### [Required action]
Go through the records, and copy each line in which the string "cong" is present.

### [Data records]
lemma triple_sum_top_closed_form:
  assumes "d \<le> s"
  shows "triple_sum s (2*s - d) * (\<Prod>i<d. 2 * real s - real i) * fact d
     = real ((2*s) choose s) * top_poly d (real s)"
proof -
  have "triple_sum s (2*s - d) * (\<Prod>i<d. 2 * real s - real i) * fact d
     = (\<Sum>p\<le>d. real ((s choose p) * (s choose (d-p)) * ((2*s-d) choose (s-p))) * (fact (2*s) / fact (2*s-d)) * fact d)"
    using fact_div_fact_eq_prod[of d "2*s"] assms
    unfolding triple_sum_top[OF assms] of_nat_sum sum_distrib_right by simp
  also have "\<dots> = (\<Sum>p\<le>d. real ((2*s) choose s) * real (d choose p) * (fact s / fact (s-p))^2 * (fact s / fact (s-(d-p)))^2)"
    by (rule sum.cong[OF refl], rule top_summand_fact_form) (use assms in auto)
  also have "\<dots> = real ((2*s) choose s) * top_poly d (real s)"
    unfolding top_poly_def sum_distrib_left
  proof (rule sum.cong[OF refl])
    fix p assume "p \<in> {..d}"
    then have "p \<le> s" "d - p \<le> s" using assms by auto
    then show "real ((2*s) choose s) * real (d choose p) * (fact s / fact (s-p))^2 * (fact s / fact (s-(d-p)))^2
      = real ((2*s) choose s) * (real (d choose p) * (\<Prod>i<p. real s - real i)^2 * (\<Prod>i<d-p. real s - real i)^2)"
      by (simp add: fact_div_fact_eq_prod)
  qed
  finally show ?thesis .
qed

lemma top_step_nonneg_iff:
  fixes x :: real
  assumes "d + 1 \<le> s"
  shows "0 \<le> x * triple_sum s (2*s-d) - real (2*s-d) * triple_sum s (2*s-d-1)
     \<longleftrightarrow> top_poly (d+1) (real s) \<le> real (d+1) * x * top_poly d (real s)"
proof -
  define c where "c = real ((2*s) choose s)"
  define \<alpha> where "\<alpha> = (\<Prod>i<d. 2 * real s - real i)"
  have "\<alpha> > 0" unfolding \<alpha>_def using assms by (intro prod_pos) auto
  define P where "P = \<alpha> * fact (d+1)"
  have "P > 0" unfolding P_def using \<open>\<alpha> > 0\<close> by simp
  have "c > 0" unfolding c_def by simp
  have closed_d: "triple_sum s (2*s - d) * \<alpha> * fact d = c * top_poly d (real s)"
    using triple_sum_top_closed_form[of d s] assms unfolding c_def \<alpha>_def by simp
  have closed_Suc_d: "triple_sum s (2*s - d - 1) * (\<alpha> * (2 * real s - real d)) * fact (d+1) = c * top_poly (d+1) (real s)"
    using triple_sum_top_closed_form[of "d+1" s] assms unfolding c_def \<alpha>_def by (simp add: diff_diff_add)
  have "0 \<le> x * triple_sum s (2*s-d) - real (2*s-d) * triple_sum s (2*s-d-1)
      \<longleftrightarrow> 0 \<le> (x * triple_sum s (2*s-d) - real (2*s-d) * triple_sum s (2*s-d-1)) * P"
    using \<open>P > 0\<close> by (simp add: zero_le_mult_iff)
  also have "(x * triple_sum s (2*s-d) - real (2*s-d) * triple_sum s (2*s-d-1)) * P
      = real (d+1) * x * (triple_sum s (2*s - d) * \<alpha> * fact d)
        - triple_sum s (2*s - d - 1) * (\<alpha> * (2 * real s - real d)) * fact (d+1)"
    using assms unfolding P_def by (simp add: algebra_simps of_nat_diff)
  also have "\<dots> = c * (real (d+1) * x * top_poly d (real s) - top_poly (d+1) (real s))"
    unfolding closed_d closed_Suc_d by (simp add: algebra_simps)
  also have "0 \<le> \<dots> \<longleftrightarrow> top_poly (d+1) (real s) \<le> real (d+1) * x * top_poly d (real s)"
    using \<open>c > 0\<close> by (simp add: zero_le_mult_iff)
  finally show ?thesis .
qed

section \<open>The condition of part (b)\<close>

definition top_condition :: "nat \<Rightarrow> nat \<Rightarrow> nat \<Rightarrow> bool" where
  "top_condition s s2 d \<longleftrightarrow> 4 * (s*s + s) \<le> 2*(d+1)*s2 + (d+1)*(d+2)"

lemma top_condition_iff_real:
  "top_condition s s2 d \<longleftrightarrow> real s2 \<ge> 2 / (real d + 1) * (real s ^ 2 + real s) - (real d + 2) / 2"
proof -
  have "2 / (real d + 1) * (real s ^ 2 + real s) - (real d + 2) / 2
     = (4*(real s*real s + real s) - (real d+1)*(real d+2)) / (2*(real d+1))"
    by (simp add: field_simps power2_eq_square)
  then have "real s2 \<ge> 2 / (real d + 1) * (real s ^ 2 + real s) - (real d + 2) / 2
     \<longleftrightarrow> 4*(real s*real s + real s) - (real d+1)*(real d+2) \<le> real s2 * (2*(real d+1))"
    by (simp add: pos_divide_le_eq)
  moreover have "real (4 * (s*s + s)) = 4*(real s*real s + real s)"
    and "real (2*(d+1)*s2 + (d+1)*(d+2)) = real s2 * (2*(real d+1)) + (real d+1)*(real d+2)"
    by (simp_all add: algebra_simps)
  ultimately show ?thesis
    unfolding top_condition_def of_nat_le_iff[symmetric, where 'a=real] by linarith
qed

lemma top_condition_slack:
  "real (2*(d+1)*s2 + (d+1)*(d+2)) - real (4 * (s*s + s))
    = 2*(real d + 1) * (real s2 + 1 - (2*real s - d)) - ((2*real s - d)^2 + d)"
  by (simp add: algebra_simps power2_eq_square)

lemma top_condition_iff_step_bound:
  "top_condition s s2 d \<longleftrightarrow> (2*real s - d)^2 + d \<le> 2*(real d + 1) * (real s2 + 1 - (2*real s - d))"
proof -
  have "top_condition s s2 d \<longleftrightarrow> 0 \<le> real (2*(d+1)*s2 + (d+1)*(d+2)) - real (4 * (s*s + s))"
    unfolding top_condition_def diff_ge_0_iff_ge of_nat_le_iff ..
  then show ?thesis unfolding top_condition_slack by simp
qed

lemma top_condition_mono:
  assumes "d' \<le> d" "top_condition s s2 d'"
  shows "top_condition s s2 d"
proof -
  have "2*(d'+1)*s2 + (d'+1)*(d'+2) \<le> 2*(d+1)*s2 + (d+1)*(d+2)"
    using assms(1) by (intro add_mono mult_le_mono) simp_all
  then show ?thesis using assms(2) unfolding top_condition_def by linarith
qed

lemma mult_self_add_mod_5: "(s * s + s) mod 5 \<in> {0, 1, 2::nat}"
proof -
  have "(s * s + s) mod 5 = ((s mod 5) * (s mod 5) mod 5 + s mod 5) mod 5"
    by (simp only: mod_mult_eq mod_add_eq)
  moreover have "s mod 5 \<in> {0, 1, 2, 3, 4}" by auto
  ultimately show ?thesis by auto
qed

lemma four_mult_gap_of_mod_5:
  fixes q y :: nat
  assumes "even q" "q mod 5 \<in> {0, 1, 2}" "10*y + 30 < 4*q"
  shows "10*y + 34 \<le> 4*q"
  using assms by auto presburger+

text \<open>For \<open>d \<le> 4\<close>, \<open>top_gap d\<close> is the least possible positive difference between the two
  sides of \<open>top_condition\<close>.\<close>
definition top_gap :: "nat \<Rightarrow> nat" where
  "top_gap d = (if d \<le> 1 then 1 else if d = 2 then 2 else 4)"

### [Written solution]
    by (rule sum.cong[OF refl], rule top_summand_fact_form) (use assms in auto)
  proof (rule sum.cong[OF refl])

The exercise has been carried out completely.